(* Let $F$ be Thompson's group and let $x_0,x_1\in F$ be its standard generators (defined in the context). Let $g\in F$ and let $H=\langle (x_0x_1)^g\rangle$, where $(x_0x_1)^g=g^{-1}x_0x_1g$. Then there exist $f\in H$ and $m,n\in\mathbb{N}$ such that $f$ has the pairs of branches $0^m10\rightarrow 1^n0$ and $0^m11\rightarrow 1^{n+1}0$.
   Context: Thompson's group $F$ is the group of all piecewise linear homeomorphisms of $[0,1]$ with finitely many breakpoints, all at finite dyadic fractions, and all slopes integer powers of $2$. Composition is from left to right: $fg$ means first apply $f$, then $g$; and $a^g=g^{-1}ag$. Writing points of $(0,1)$ as binary expansions $.s$ with $s$ an infinite binary word, $x_0$ maps $.00\alpha\mapsto .0\alpha$, $.01\alpha\mapsto .10\alpha$, $.1\alpha\mapsto .11\alpha$, and $x_1$ maps $.0\alpha\mapsto .0\alpha$, $.100\alpha\mapsto .10\alpha$, $.101\alpha\mapsto .110\alpha$, $.11\alpha\mapsto .111\alpha$ (for every infinite binary word $\alpha$). For finite binary words $u,v$, an element $f\in F$ has the pair of branches $u\rightarrow v$ if $f(.u\alpha)=.v\alpha$ for every infinite binary word $\alpha$ (i.e. $f$ maps the dyadic interval $[.u,.u1^{\mathbb{N}}]$ linearly onto $[.v,.v1^{\mathbb{N}}]$). $0^m$ denotes the word of $m$ zeros, $1^n$ the word of $n$ ones. *)

theory Defs
  imports Complex_Main
begin

text \<open>Infinite binary words are functions nat => bool (False = digit 0, True = digit 1);
  finite words are bool lists. The point .s of [0,1] for an infinite word s.\<close>

definition bin_val :: "(nat \<Rightarrow> bool) \<Rightarrow> real" where
  "bin_val s = (\<Sum>i. (if s i then 1 else 0) / 2 ^ (Suc i))"

definition wconc :: "bool list \<Rightarrow> (nat \<Rightarrow> bool) \<Rightarrow> (nat \<Rightarrow> bool)" where
  "wconc u \<alpha> = (\<lambda>i. if i < length u then u ! i else \<alpha> (i - length u))"

definition dyadic :: "real \<Rightarrow> bool" where
  "dyadic x \<longleftrightarrow> (\<exists>a::int. \<exists>k::nat. x = of_int a / 2 ^ k)"

text \<open>Thompson's group F, realised as functions real => real that restrict to a PL
  homeomorphism of [0,1] (finitely many dyadic breakpoints, slopes integer powers of 2)
  and are the identity outside [0,1].\<close>
definition thompson_F :: "(real \<Rightarrow> real) set" where
  "thompson_F = {f. bij_betw f {0..1} {0..1} \<and> (\<forall>x. x \<notin> {0..1} \<longrightarrow> f x = x) \<and>
     (\<exists>bs :: real list. length bs \<ge> 2 \<and> hd bs = 0 \<and> last bs = 1 \<and>
        sorted_wrt (<) bs \<and> (\<forall>b\<in>set bs. dyadic b) \<and>
        (\<forall>i < length bs - 1. \<exists>k::int. \<forall>x\<in>{bs ! i .. bs ! Suc i}.
            f x = f (bs ! i) + (2::real) powi k * (x - bs ! i)))}"

definition x0 :: "real \<Rightarrow> real" where
  "x0 x = (if x < 0 \<or> x > 1 then x
           else if x \<le> 1/4 then 2 * x
           else if x \<le> 1/2 then x + 1/4
           else x / 2 + 1/2)"

definition x1 :: "real \<Rightarrow> real" where
  "x1 x = (if x < 0 \<or> x > 1 then x
           else if x \<le> 1/2 then x
           else if x \<le> 5/8 then 2 * x - 1/2
           else if x \<le> 3/4 then x + 1/8
           else x / 2 + 1/2)"

text \<open>Group product with left-to-right convention: (f g) means first f then g.\<close>
definition tmult :: "(real \<Rightarrow> real) \<Rightarrow> (real \<Rightarrow> real) \<Rightarrow> (real \<Rightarrow> real)" where
  "tmult f g = g \<circ> f"

definition tconj :: "(real \<Rightarrow> real) \<Rightarrow> (real \<Rightarrow> real) \<Rightarrow> (real \<Rightarrow> real)" where
  "tconj a g = tmult (tmult (inv g) a) g"

definition tpow :: "(real \<Rightarrow> real) \<Rightarrow> int \<Rightarrow> (real \<Rightarrow> real)" where
  "tpow h k = (if k \<ge> 0 then h ^^ nat k else (inv h) ^^ nat (- k))"

definition cyclic_sub :: "(real \<Rightarrow> real) \<Rightarrow> (real \<Rightarrow> real) set" where
  "cyclic_sub h = range (tpow h)"

definition has_branch :: "(real \<Rightarrow> real) \<Rightarrow> bool list \<Rightarrow> bool list \<Rightarrow> bool" where
  "has_branch f u v \<longleftrightarrow> (\<forall>\<alpha>. f (bin_val (wconc u \<alpha>)) = bin_val (wconc v \<alpha>))"

end

theory Submission
  imports Defs
begin

text \<open>
  Pairs of branches compose, invert, and extend by a common suffix. The product x0 x1 has
  the branches 00 -> 0, 010 -> 10, 011 -> 110 and 1 -> 111; hence its (j+1+r)-th power maps
  0^(j+1)10 and 0^(j+1)11 first to 010 and 011, then to 10 and 110, and finally to
  1^(2r+1)0 and 1^(2r+1)10. An element g of F fixes 0 and 1 and is linear with slope a power
  of two near both endpoints, so it has branches 0^p -> 0^q and 1^p' -> 1^q'. In the
  (p+1+p')-th power of the conjugate, g^-1 carries 0^(q+1) to 0^(p+1) and g carries
  1^(2p'+1) to 1^n with n = q' + p' + 1, which gives the theorem with m = q + 1.
\<close>

lemma wconc_Nil [simp]: "wconc [] \<alpha> = \<alpha>"
  by (simp add: wconc_def)

lemma wconc_append: "wconc (u @ v) \<alpha> = wconc u (wconc v \<alpha>)"
  by (auto simp: wconc_def nth_append fun_eq_iff)

lemma summable_bin_val: "summable (\<lambda>i. (if s i then 1 else 0) / (2::real) ^ Suc i)"
proof (rule summable_comparison_test)
  show "\<exists>N. \<forall>i\<ge>N. norm ((if s i then 1 else 0) / (2::real) ^ Suc i) \<le> (1/2) ^ Suc i"
    by (auto simp: power_divide)
  show "summable (\<lambda>i. (1/2::real) ^ Suc i)"
    by (simp add: summable_geometric_iff)
qed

★ ★ ★ ★

**What is required**
Filter the records down to the lines that contain the string "show", and copy those lines.

**Answer for the task**
  show "\<exists>N. \<forall>i\<ge>N. norm ((if s i then 1 else 0) / (2::real) ^ Suc i) \<le> (1/2) ^ Suc i"
  show "summable (\<lambda>i. (1/2::real) ^ Suc i)"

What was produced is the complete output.